Yeah, right. It takes some time to find a solution which is both
sturdy as well as electrically functional.
> The chassis actually gets its ground now from the rack itself... I've found
> that eliminating all but one ground in the system is usually the lowest noise
> solution...
Why do you think this is the prefered way of doing things in say
telephone stations? ;o)
Well, actually, I think that you should not fiddle with the ground
connections on the power side at all. But, you should not rely on
those grounds for providing a quite ground for your audio signal.

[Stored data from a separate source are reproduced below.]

lemma T_module_vanishes_on_sphere_3:
  assumes x: "x \<in> X" and W: "T_module X Adj x W"
    and near: "\<And>w y. w \<in> W \<Longrightarrow> y \<in> X \<Longrightarrow> d x y \<le> 1 \<Longrightarrow> w y = 0"
    and w: "w \<in> W" and t: "t \<in> X" "d x t = 3"
  shows "w t = 0"
proof (rule complement_sums_vanish[where R = Adj])
  define z where "z = antipode x"
  have z: "z \<in> X" using antipode[OF x] unfolding z_def by simp
  have common: "of_nat (card {u\<in>nbr z. Adj v u \<and> Adj u r}) =
      (if v = r then complex_of_real (P * (Q + 1)) else if Adj v r then of_real (2 * P - Q) else of_real P)"
    if "v \<in> nbr z" "r \<in> nbr z" for v r
  proof -
    have "(of_nat (card {u\<in>nbr z. Adj v u \<and> Adj u r}) :: complex) =
        of_real (real (card {u\<in>nbr z. Adj v u \<and> Adj u r}))"
      by (rule of_real_of_nat_eq[symmetric])
    also have "\<dots> = of_real (if v = r then P * (Q + 1) else if Adj v r then 2 * P - Q else P)"
      by (simp only: local_common_neighbours[OF z that])
    finally show ?thesis by simp
  qed
  show "finite (nbr (antipode x))" using finite_X by simp
  show "\<not> Adj v v" for v by (rule adj_irrefl)
  show "of_nat (card {u\<in>nbr (antipode x). Adj v u}) = complex_of_real (P * (Q + 1))"
    if "v \<in> nbr (antipode x)" for v
    using common[of v v] that adj_sym unfolding z_def by (simp cong: conj_cong)
  show "of_nat (card {u\<in>nbr (antipode x). Adj v u \<and> Adj u r}) =
      (if v = r then complex_of_real (P * (Q + 1)) else if Adj v r then of_real (2 * P - Q) else of_real P)"
    if "v \<in> nbr (antipode x)" "r \<in> nbr (antipode x)" for v r
    using common that unfolding z_def by blast
  have "P * (Q + 1) \<noteq> 0" using PQS_bounds by simp
  then show "complex_of_real (P * (Q + 1)) \<noteq> 0" by (simp only: of_real_eq_0_iff not_False_eq_True)
  have "P * (Q + 1) - (2 * P - Q + 1) = (P + 1) * (Q - 1)" by (simp add: algebra_simps)
  then have "P * (Q + 1) \<noteq> 2 * P - Q + 1" using PQS_bounds by auto
  then show "complex_of_real (P * (Q + 1)) \<noteq> of_real (2 * P - Q) + 1"
    by (metis of_real_1 of_real_add of_real_eq_iff)
  show "(\<Sum>u\<in>{u\<in>nbr (antipode x). u \<noteq> v \<and> \<not> Adj v u}. w u) = 0" if "v \<in> nbr (antipode x)" for v
    by (rule T_module_non_neighbour_sums_vanish[OF x W _ w that], rule near)
  show "t \<in> nbr (antipode x)" using t sphere_3_eq_nbr_antipode[OF x] by auto
qed

end

theorem lemma8p3:
  fixes X :: "'a set" and Adj :: "'a \<Rightarrow> 'a \<Rightarrow> bool" and p q :: nat
    and x :: 'a and W :: "('a \<Rightarrow> complex) set"
  assumes "AT4 X Adj p q"
    and "x \<in> X"
    and "irreducible_T_module X Adj x W"
    and "endpoint X Adj x W = 2"
  shows "module_diameter X Adj x W = 0 \<and> thin X Adj x W"
proof -
  obtain b c where "at4 X Adj b c p q"
    using assms(1) unfolding AT4_def at4_def at4_axioms_def antipodal_drg_def antipodal_drg_axioms_def drg_def
    by blast
  then interpret at4 X Adj b c p q .
  have x: "x \<in> X" by (rule assms(2))
  have W: "T_module X Adj x W" using assms(3) unfolding irreducible_T_module_def by simp
  have near: "w y = 0" if "w \<in> W" "y \<in> X" "d x y \<le> 1" for w y
  proof (rule ccontr)
    assume "w y \<noteq> 0"
    then have "d x y \<in> support_idx X Adj x W"
      unfolding mem_support_idx_iff[OF finite_X W] using that(1,2) dist_le_diam[OF x that(2)] by blast
    moreover have "finite (support_idx X Adj x W)" unfolding support_idx_def by simp
    ultimately have "2 \<le> d x y"
      using Min_le assms(4) unfolding endpoint_def by metis
    then show False using that(3) by simp
  qed
  have sphere_3: "w t = 0" if "w \<in> W" "t \<in> X" "d x t = 3" for w t
    using T_module_vanishes_on_sphere_3[OF x W _ that] near by blast
  have antipode: "w (antipode x) = 0" if "w \<in> W" for w
  proof (rule T_module_vanishes_at_antipode[OF _ _ x W _ that])
    show "w' t = 0" if "w' \<in> W" "t \<in> X" "d x t = 4 - 1" for w' t
      using sphere_3 that by simp
  qed simp_all
  have "d x y = 2" if w: "w \<in> W" "w y \<noteq> 0" for w y
  proof -
    have y: "y \<in> X" using T_module_vanishes_outside[OF W w(1)] w(2) by blast
    consider "d x y \<le> 1" | "d x y = 2" | "d x y = 3" | "d x y = 4"
      using dist_le_diam[OF x y] by linarith
    then show ?thesis
    proof cases
      case 4
      then show ?thesis using antipode[OF w(1)] antipode_unique[OF x y] w(2) by simp
    qed (use near sphere_3 w y in blast)+
  qed
  then show ?thesis by (rule irreducible_T_module_on_sphere[OF finite_X assms(3)])
qed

> I prefer the audio cables for that point... since you usually want those
> grounds anyway. But IF you are using AC mains powered equipment its
> a real good idea to have a resistive or capacitive ground for
> safety.
Indeed! Fiddeling with the way the safety wireing in gear works just
shows that you are not looking at it with a professionals eyes. You
avoid the problem but create new ones. There should be a DC path and
there should be means of prohibiting buildup of large voltages and
currents. All this is really a field of its own. There are good books
written about it.
> I know that a major fault will weld the audio cables in place (I
> don't care... they will conduct enough current to
> trip the breaker... eventually).
This only shows another missconception people have, it is not the
overvoltage which kills many things, its the overcurrent which kills
them! In the end you really must consider the amount of energy
exposure (leading to overtemperatures) at points.
You don't want to learn how ridiculously small currents it takes to
make the heart give up.
My point, as well as Harrys, is that don't compromise the safety of
gear just to reduce noise, there are usually much better ways of doing
things.
> The shielded transformer is a good thing too... I run my AC mains through a
> shielded
> Toroid isolation transformer... a 120V input / 120VCT output. The center tap
> goes
> to a separate ground rod for the studio. VERY quiet... BUT you must not run
> equipment on the normal 120V (hot-neutral) and connect THAT to the system...
> or
> you BLOW it (literally)
Indeed. Indeed. When you mess with such things, you are out on a very
dangerous path.
What you can do is to use an isolational transformer to restore a
sound relationship between the ground and the live/zero. You don't
actually have to replace the ground since you now have isolated away
the potential diffrances between them. Thus, the ground-to-zero
voltage becomes zero again (as it should be from your main fuse).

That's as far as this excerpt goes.